WHAT TO DO:
Scan the data for "blast" and copy each matching line.

----------

(* Let $k>0$ and let $U:(0,1)\to(0,\infty)$ be any function with $U(c)\ge\sigma(c)$ for all $c\in(0,1)$. Then for all $c\in(0,1)$, $$\frac{2k}{U(1-c)}\le L_2(c)\le\sigma(c).$$ In particular, with $U=U_1$, where $U_1(c)=-2\Phi^{-1}\!\left(\frac{1-c}{1+e^k}\right)$, this gives $-k\big/\Phi^{-1}\!\left(\frac{c}{1+e^k}\right)\le L_2(c)$.
   Context: Let $\Phi$ denote the standard normal distribution function. For $\sigma>0$ put $d_1(\sigma)=-k/\sigma+\sigma/2$, $d_2(\sigma)=-k/\sigma-\sigma/2$, and $C_{\mathrm{BS}}(\sigma)=\Phi(d_1(\sigma))-e^k\,\Phi(d_2(\sigma))$, a strictly increasing bijection from $(0,\infty)$ onto $(0,1)$; for $c\in(0,1)$ the implied volatility $\sigma(c)$ is the unique $\sigma>0$ with $C_{\mathrm{BS}}(\sigma)=c$. The function $d_1^{-1}(x)=x+\sqrt{x^2+2k}$ is the inverse of $d_1$, and $L_2(c)=d_1^{-1}(\Phi^{-1}(c))$. The function $U_1$ is known to satisfy $U_1(c)\ge\sigma(c)$. *)

theory Defs
  imports "HOL-Probability.Probability"
begin

definition Phi :: "real \<Rightarrow> real" where
  "Phi x = (LBINT t:{..x}. std_normal_density t)"

definition Phi_inv :: "real \<Rightarrow> real" where
  "Phi_inv p = (THE x. Phi x = p)"

definition d1 :: "real \<Rightarrow> real \<Rightarrow> real" where
  "d1 k s = - k / s + s / 2"

definition d2 :: "real \<Rightarrow> real \<Rightarrow> real" where
  "d2 k s = - k / s - s / 2"

definition C_BS :: "real \<Rightarrow> real \<Rightarrow> real" where
  "C_BS k s = Phi (d1 k s) - exp k * Phi (d2 k s)"

definition impl_vol :: "real \<Rightarrow> real \<Rightarrow> real" where
  "impl_vol k c = (THE s. s > 0 \<and> C_BS k s = c)"

definition d1_inv :: "real \<Rightarrow> real \<Rightarrow> real" where
  "d1_inv k x = x + sqrt (x^2 + 2 * k)"

definition L2 :: "real \<Rightarrow> real \<Rightarrow> real" where
  "L2 k c = d1_inv k (Phi_inv c)"

definition U1 :: "real \<Rightarrow> real \<Rightarrow> real" where
  "U1 k c = - 2 * Phi_inv ((1 - c) / (1 + exp k))"

end

theory Submission
  imports Defs "HOL-Real_Asymp.Real_Asymp"
begin

text \<open>
  Since \<open>c = C_BS(\<sigma>) < \<Phi>(d\<^sub>1(\<sigma>))\<close> and \<open>d\<^sub>1\<^sup>-\<^sup>1\<close> is increasing, \<open>L\<^sub>2(c) \<le> \<sigma>(c)\<close>.
  The symmetry \<open>\<Phi>\<^sup>-\<^sup>1(1 - c) = -\<Phi>\<^sup>-\<^sup>1(c)\<close> together with
  \<open>d\<^sub>1\<^sup>-\<^sup>1(x) d\<^sub>1\<^sup>-\<^sup>1(-x) = 2k\<close> gives \<open>L\<^sub>2(c) L\<^sub>2(1 - c) = 2k\<close>, so every upper bound
  \<open>U(1 - c) \<ge> \<sigma>(1 - c) \<ge> L\<^sub>2(1 - c)\<close> turns into the lower bound \<open>2k / U(1 - c) \<le> L\<^sub>2(c)\<close>.
  For \<open>U\<^sub>1\<close> one shows \<open>1 - C_BS(s) \<le> (1 + e\<^sup>k) \<Phi>(-s/2)\<close>: both sides agree at \<open>k = 0\<close>,
  and in \<open>k\<close> the left-hand side grows like \<open>e\<^sup>k \<Phi>(d\<^sub>2)\<close>, the right-hand side like
  \<open>e\<^sup>k \<Phi>(-s/2) \<ge> e\<^sup>k \<Phi>(d\<^sub>2)\<close>. Evaluated at \<open>s = \<sigma>(c)\<close> this is \<open>\<sigma>(c) \<le> U\<^sub>1(c)\<close>.
\<close>

lemma tendsto_set_integral_atMost_at_top:
  fixes f :: "real \<Rightarrow> real"
  assumes f: "integrable lborel f"
  shows "((\<lambda>x. LBINT t:{..x}. f t) \<longlongrightarrow> integral\<^sup>L lborel f) at_top"
  unfolding set_lebesgue_integral_def
proof (rule integral_dominated_convergence_at_top[where w = "\<lambda>t. norm (f t)"])
  show "AE t in lborel. ((\<lambda>x. indicat_real {..x} t *\<^sub>R f t) \<longlongrightarrow> f t) at_top"
  proof (rule AE_I2)
    fix t :: real
    have "\<forall>\<^sub>F x in at_top. t \<le> x" by (rule eventually_ge_at_top)
    then have "\<forall>\<^sub>F x in at_top. indicat_real {..x} t *\<^sub>R f t = f t"
      by (rule eventually_mono) simp
    then show "((\<lambda>x. indicat_real {..x} t *\<^sub>R f t) \<longlongrightarrow> f t) at_top"
      by (rule tendsto_eventually)
  qed
qed (use f in \<open>auto split: split_indicator\<close>)

lemma tendsto_set_integral_atMost_at_bot:
  fixes f :: "real \<Rightarrow> real"
  assumes f: "integrable lborel f"
  shows "((\<lambda>x. LBINT t:{..x}. f t) \<longlongrightarrow> 0) at_bot"
  unfolding filterlim_at_bot_mirror set_lebesgue_integral_def
proof -
  have "((\<lambda>x. LINT t|lborel. indicat_real {..-x} t *\<^sub>R f t) \<longlongrightarrow> LINT t::real|lborel. 0) at_top"
  proof (rule integral_dominated_convergence_at_top[where w = "\<lambda>t. norm (f t)"])
    show "AE t in lborel. ((\<lambda>x. indicat_real {..-x} t *\<^sub>R f t) \<longlongrightarrow> 0) at_top"
    proof (rule AE_I2)
      fix t :: real
      have "\<forall>\<^sub>F x in at_top. -t < x" by (rule eventually_gt_at_top)
      then have "\<forall>\<^sub>F x in at_top. indicat_real {..-x} t *\<^sub>R f t = 0"
        by (rule eventually_mono) simp
      then show "((\<lambda>x. indicat_real {..-x} t *\<^sub>R f t) \<longlongrightarrow> 0) at_top"
        by (rule tendsto_eventually)
    qed
  qed (use f in \<open>auto split: split_indicator\<close>)
  then show "((\<lambda>x. LINT t|lborel. indicat_real {..-x} t *\<^sub>R f t) \<longlongrightarrow> 0) at_top"
    by simp
qed

lemma has_real_derivative_set_integral_atMost:
  fixes f :: "real \<Rightarrow> real"
  assumes f: "integrable lborel f" and cont: "continuous_on UNIV f"
  shows "((\<lambda>x. LBINT t:{..x}. f t) has_real_derivative f x) (at x)"
proof -
  have int: "set_integrable lborel A f" if "A \<in> sets borel" for A
    unfolding set_integrable_def using that f by (intro integrable_mult_indicator) auto
  have split: "(LBINT t:{..y}. f t) = (LBINT t:{..<x-1}. f t) + integral {x-1..y} f"
    if "x - 1 < y" for y
  proof -
    have "{..y} = {..<x-1} \<union> {x-1..y}" using that by auto
    then have "(LBINT t:{..y}. f t) = (LBINT t:{..<x-1}. f t) + (LBINT t:{x-1..y}. f t)"
      by (simp add: set_integral_Un int ivl_disj_int)
    also have "(LBINT t:{x-1..y}. f t) = integral {x-1..y} f"
      by (rule set_borel_integral_eq_integral(2)) (simp add: int)
    finally show ?thesis .
  qed
  have "((\<lambda>y. integral {x-1..y} f) has_vector_derivative f x) (at x within {x-1..x+1})"
    by (rule integral_has_vector_derivative) (auto intro: continuous_on_subset[OF cont])
  then have "((\<lambda>y. integral {x-1..y} f) has_real_derivative f x) (at x)"
    by (simp add: has_real_derivative_iff_has_vector_derivative at_within_Icc_at)
  then have "((\<lambda>y. (LBINT t:{..<x-1}. f t) + integral {x-1..y} f) has_real_derivative f x) (at x)"
    by (auto intro!: derivative_eq_intros)
  then show ?thesis
    by (rule has_field_derivative_transform_within_open[where S="{x-1<..}"]) (auto simp: split)
qed

lemma std_normal_density_minus [simp]: "std_normal_density (- x) = std_normal_density x"
  by (simp add: std_normal_density_def)

lemma std_normal_density_pos: "0 < std_normal_density x"
  by (simp add: normal_density_pos)

lemma Phi_has_real_derivative: "(Phi has_real_derivative std_normal_density x) (at x)"
proof -
  have "continuous_on UNIV std_normal_density"
    unfolding std_normal_density_def by (intro continuous_intros) auto
  then show ?thesis
    unfolding Phi_def[abs_def] by (intro has_real_derivative_set_integral_atMost) auto
qed

lemma isCont_Phi: "isCont Phi x"
  using Phi_has_real_derivative DERIV_isCont by blast

lemma Phi_at_top: "(Phi \<longlongrightarrow> 1) at_top"
proof -
  have "(Phi \<longlongrightarrow> integral\<^sup>L lborel std_normal_density) at_top"
    unfolding Phi_def[abs_def] by (rule tendsto_set_integral_atMost_at_top) simp
  then show ?thesis by simp
qed

lemma Phi_at_bot: "(Phi \<longlongrightarrow> 0) at_bot"
  unfolding Phi_def[abs_def] by (rule tendsto_set_integral_atMost_at_bot) simp

lemma strict_mono_Phi: "strict_mono Phi"
proof (rule strict_monoI)
  fix x y :: real
  assume "x < y"
  then show "Phi x < Phi y"
    by (rule DERIV_pos_imp_increasing) (blast intro: Phi_has_real_derivative std_normal_density_pos)
qed

lemma Phi_less_iff [simp]: "Phi x < Phi y \<longleftrightarrow> x < y"
  by (rule strict_mono_less[OF strict_mono_Phi])

lemma Phi_le_iff [simp]: "Phi x \<le> Phi y \<longleftrightarrow> x \<le> y"
  by (rule strict_mono_less_eq[OF strict_mono_Phi])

----------

ANSWER SPACE:
  using Phi_has_real_derivative DERIV_isCont by blast
    by (rule DERIV_pos_imp_increasing) (blast intro: Phi_has_real_derivative std_normal_density_pos)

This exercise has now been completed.